Появилось на столе и пресловутое шампанское, это по преимуществу французское вино, которое имело несчастье дать пищу стольким куплетам, как и оно французским и настолько же занудным. Хозяин дома потер горлышко пемзой, освобождая пробку, та выстрелила в потолок – дамы вскрикнули от неожиданности – и упала на крышку сырницы, гулко отозвавшуюся на удар. Наполненные бокалы передавались по цепочке, все делалось в спешке и не слишком аккуратно, пена капала на скатерть и на пальцы, дамы хихикали; да, есть на свете минуты незамутненного счастья!

После обеда, уже в гостиной, мадам Эмилия отвела Анри в сторонку и сказала несколько одобрительных слов о том, каких он придерживается воззрений.

– О, я слышала все, что вы говорили! – восклицала она. – Вы высказывали вслух именно то, что я думала. Как вы их всех победили! Я полностью на вашей стороне, да что там – вы были правы, тысячу раз правы!

– Я был не прав, – медленно, делая долгие остановки перед каждым словом, произнес он. – Для чего выражать какие-либо чувства перед теми, кем ничто не движет, и желать, чтобы частицы той поэзии, что переполняет ваше сердце, передались сердцам, навсегда для нее закрытым? Все это – напрасный труд и глупость, безумие какое-то, болезнь, которой я часто болел в прежние годы, но теперь каждый день несет мне исцеление.

– А вы, случаем, не поэт?

– Кто вам это сказал?

– Догадалась.

– Но я люблю читать поэтов, – продолжил он, пропустив мимо ушей ее последнюю реплику. – А вы?

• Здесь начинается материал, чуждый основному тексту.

lemma level_avg_cylinder_close:
  assumes h: "\<forall>x\<in>odometer s. \<forall>y\<in>odometer s. x M = y M \<longrightarrow> dist (h x) (h y) < e"
    and x0: "x0 \<in> odometer s" and "M \<le> m"
  shows "norm (level_avg m (\<lambda>x. h x * (if x M = x0 M then of_nat (s M) else 0)) - h x0) \<le> e"
proof -
  define a where "a = nat (x0 M)"
  have a: "a < s M" "x0 M = int a" using odometerD[OF x0, of M] by (auto simp: a_def)
  have level: "odo_of_int s (int k) M = x0 M \<longleftrightarrow> k mod s M = a" for k
    using a(2) by (simp add: odo_of_int_def flip: zmod_int)
  have "M \<le> m" by fact
  define ind :: "(nat \<Rightarrow> int) \<Rightarrow> complex" where "ind x = (if x M = x0 M then of_nat (s M) else 0)" for x
  have "level_avg m ind = 1"
    using sum_indicator_mod_eq[OF scale_dvd[OF \<open>M \<le> m\<close>] a(1), where 'a=complex] scale_pos[of m]
    by (simp add: level_avg_def ind_def level)
  then have diff: "level_avg m (\<lambda>x. h x * ind x) - h x0 = level_avg m (\<lambda>x. (h x - h x0) * ind x)"
    by (simp add: left_diff_distrib level_avg_diff level_avg_cmult)
  have "norm (\<Sum>k<s m. (h (odo_of_int s (int k)) - h x0) * ind (odo_of_int s (int k)))
      \<le> (\<Sum>k<s m. e * (if k mod s M = a then of_nat (s M) else 0))"
  proof (rule sum_norm_le)
    fix k
    have "norm (h (odo_of_int s (int k)) - h x0) \<le> e" if "k mod s M = a"
      using h odo_of_int_in_odometer x0 level that by (metis dist_norm less_imp_le)
    then show "norm ((h (odo_of_int s (int k)) - h x0) * ind (odo_of_int s (int k)))
        \<le> e * (if k mod s M = a then of_nat (s M) else 0)"
      by (auto simp: ind_def level norm_mult intro: mult_right_mono)
  qed
  also have "\<dots> = e * real (s m)"
    using sum_indicator_mod_eq[OF scale_dvd[OF \<open>M \<le> m\<close>] a(1), where 'a=real]
    by (simp flip: sum_distrib_left)
  finally show ?thesis
    using scale_pos[of m] unfolding ind_def[symmetric] diff
    by (simp add: level_avg_def norm_divide divide_le_eq)
qed

text \<open>The indicator of a level-M cylinder is a combination of characters, so its averages against h
  tend to 0, while by continuity they are close to the value of h on the cylinder.\<close>
lemma fourier_coeff_eq_zero_imp_eq_zero:
  assumes h: "continuous_on (odometer s) h"
    and zero: "\<And>z. z \<in> dual_odometer s \<Longrightarrow> fourier_coeff s h z = 0" and x0: "x0 \<in> odometer s"
  shows "h x0 = 0"
proof -
  have "norm (h x0) \<le> e" if "e > 0" for e
  proof -
    have "level_continuous h" using h by (simp add: continuous_on_iff_level_continuous)
    then obtain M where M: "\<forall>x\<in>odometer s. \<forall>y\<in>odometer s. x M = y M \<longrightarrow> dist (h x) (h y) < e"
      using level_continuousD \<open>e > 0\<close> by blast
    obtain \<omega> :: complex where \<omega>: "\<And>t. \<omega> ^ t = 1 \<longleftrightarrow> s M dvd t"
      using exists_primitive_root_of_unity[OF scale_pos[of M]] by blast
    define a where "a = nat (x0 M)"
    have a: "a < s M" "x0 M = int a" using odometerD[OF x0, of M] by (auto simp: a_def)
    have dual: "\<omega> ^ j \<in> dual_odometer s" for j
      using \<omega>[of "j * s M"] by (auto simp: dual_odometer_def power_mult[symmetric])
    define C where "C m = level_avg m (\<lambda>x. h x * (if x M = x0 M then of_nat (s M) else 0))" for m
    have "(\<lambda>m. level_avg m (\<lambda>x. h x * odo_char s (\<omega> ^ j) x)) \<longlonglongrightarrow> 0" for j
      using level_avg_tendsto_fourier_coeff[OF h, of "cnj (\<omega> ^ j)"] zero[OF cnj_in_dual_odometer[OF dual]]
      by simp
    then have "C \<longlonglongrightarrow> 0"
      unfolding C_def a(2) level_avg_cylinder_eq_sum_odo_char[OF \<omega> a(1)]
      by (intro tendsto_null_sum tendsto_mult_right_zero)
    then have "(\<lambda>m. norm (C m - h x0)) \<longlonglongrightarrow> norm (0 - h x0)"
      by (intro tendsto_intros)
    moreover have "\<forall>\<^sub>F m in sequentially. norm (C m - h x0) \<le> e"
      unfolding eventually_sequentially C_def using level_avg_cylinder_close[OF M x0] by blast
    ultimately have "norm (0 - h x0) \<le> e" by (rule tendsto_upperbound) simp
    then show ?thesis by simp
  qed
  then have "norm (h x0) \<le> 0" using field_le_epsilon[of "norm (h x0)" 0] by simp
  then show ?thesis by simp
qed

subsection \<open>Orders of characters\<close>

lemma root_order_pos_power:
  assumes "z \<in> dual_odometer s"
  shows "0 < root_order z" "z ^ root_order z = 1"
proof -
  obtain m where "z ^ s m = 1" using assms by (auto simp: dual_odometer_def)
  then have "\<exists>n. 0 < n \<and> z ^ n = 1" using scale_pos[of m] by blast
  then show "0 < root_order z" "z ^ root_order z = 1"
    using LeastI_ex unfolding root_order_def by (metis (mono_tags, lifting))+
qed

lemma root_order_le_power_length:
  assumes "good_length s lam"
  obtains K P where "0 < K" "\<And>z. z \<in> dual_odometer s \<Longrightarrow> real (root_order z) \<le> K * lam z ^ P"
proof -
  obtain c \<alpha> where c: "0 < c" "0 < \<alpha>"
    and b: "\<And>z. z \<in> dual_odometer s \<Longrightarrow> c * real (root_order z) powr \<alpha> \<le> lam z"
    using assms unfolding good_length_def by blast
  have lam: "\<And>z. z \<in> dual_odometer s \<Longrightarrow> 1 \<le> lam z" using assms unfolding good_length_def by blast
  define P where "P = nat \<lceil>1 / \<alpha>\<rceil>"
  define K where "K = (1 / c) powr (1 / \<alpha>)"
  have "real (root_order z) \<le> K * lam z ^ P" if z: "z \<in> dual_odometer s" for z
  proof -
    define n where "n = real (root_order z)"
    have "0 < n" unfolding n_def using root_order_pos_power[OF z] by simp
    have "n = (n powr \<alpha>) powr (1 / \<alpha>)" using c \<open>0 < n\<close> by (simp add: powr_powr)
    also have "\<dots> \<le> (lam z / c) powr (1 / \<alpha>)"
      using b[OF z] c \<open>0 < n\<close> by (intro powr_mono2) (auto simp: n_def field_simps)
    also have "\<dots> = K * lam z powr (1 / \<alpha>)"
      unfolding K_def using c lam[OF z] by (simp add: powr_divide powr_mult[symmetric] divide_inverse ac_simps)
    also have "\<dots> \<le> K * lam z powr (real P)"
      using lam[OF z] unfolding P_def K_def by (intro mult_left_mono powr_mono) (auto, linarith)
    finally show ?thesis using lam[OF z] by (simp add: n_def powr_realpow)
  qed
  moreover have "0 < K" unfolding K_def using c by simp
  ultimately show ?thesis using that by blast
qed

Разве вам не приятно иногда укачивать себя ритмом строк, когда мечта гения уносит вас прочь, туда, где золотые облака, подальше от всех известных вам миров?

Пока он говорил, мадам Рено не спускала с него глаз. Потом проговорила с жаром неутоленной пытливости:

– Это великие минуты счастья, не правда ли?

Беседуя таким образом, они перешли к историям знаменитых любовных увлечений на театре, самых элегичных и нежных, в мыслях они уже впивали сладостный воздух звездных ночей, запахи летних цветов; они перечисляли друг другу книги, заставившие их плакать, мечтать, перечувствовать Бог весть что… Они размышляли вслух о житейских невзгодах и о солнечных закатах, их беседа длилась недолго, но оказалась чрезвычайно насыщенной. Каждое их слово сопровождали взгляды. Сердца бились в согласии. Мадам Рено восхитило воображение Анри, а того прельстила ее душа.

Мадемуазель Аглаю попросили спеть, она уселась за пианино, нанизала одну на другую несколько гамм, испустила некое ржание, победоносно фыркнула – и принялась распахивать целину клавиатуры. Никто не разобрал ни слова в той итальянской арии, что извлекла она из недр гортани. Но коль скоро вещь была длинна, все зааплодировали, когда она подошла к концу. Немец, чьим мнением об услышанном все было заинтересовались, сослался на свое полное неведение в том, что касается музыки, чем немало позабавил гостей, ведь немцы всегда слыли музыкантами.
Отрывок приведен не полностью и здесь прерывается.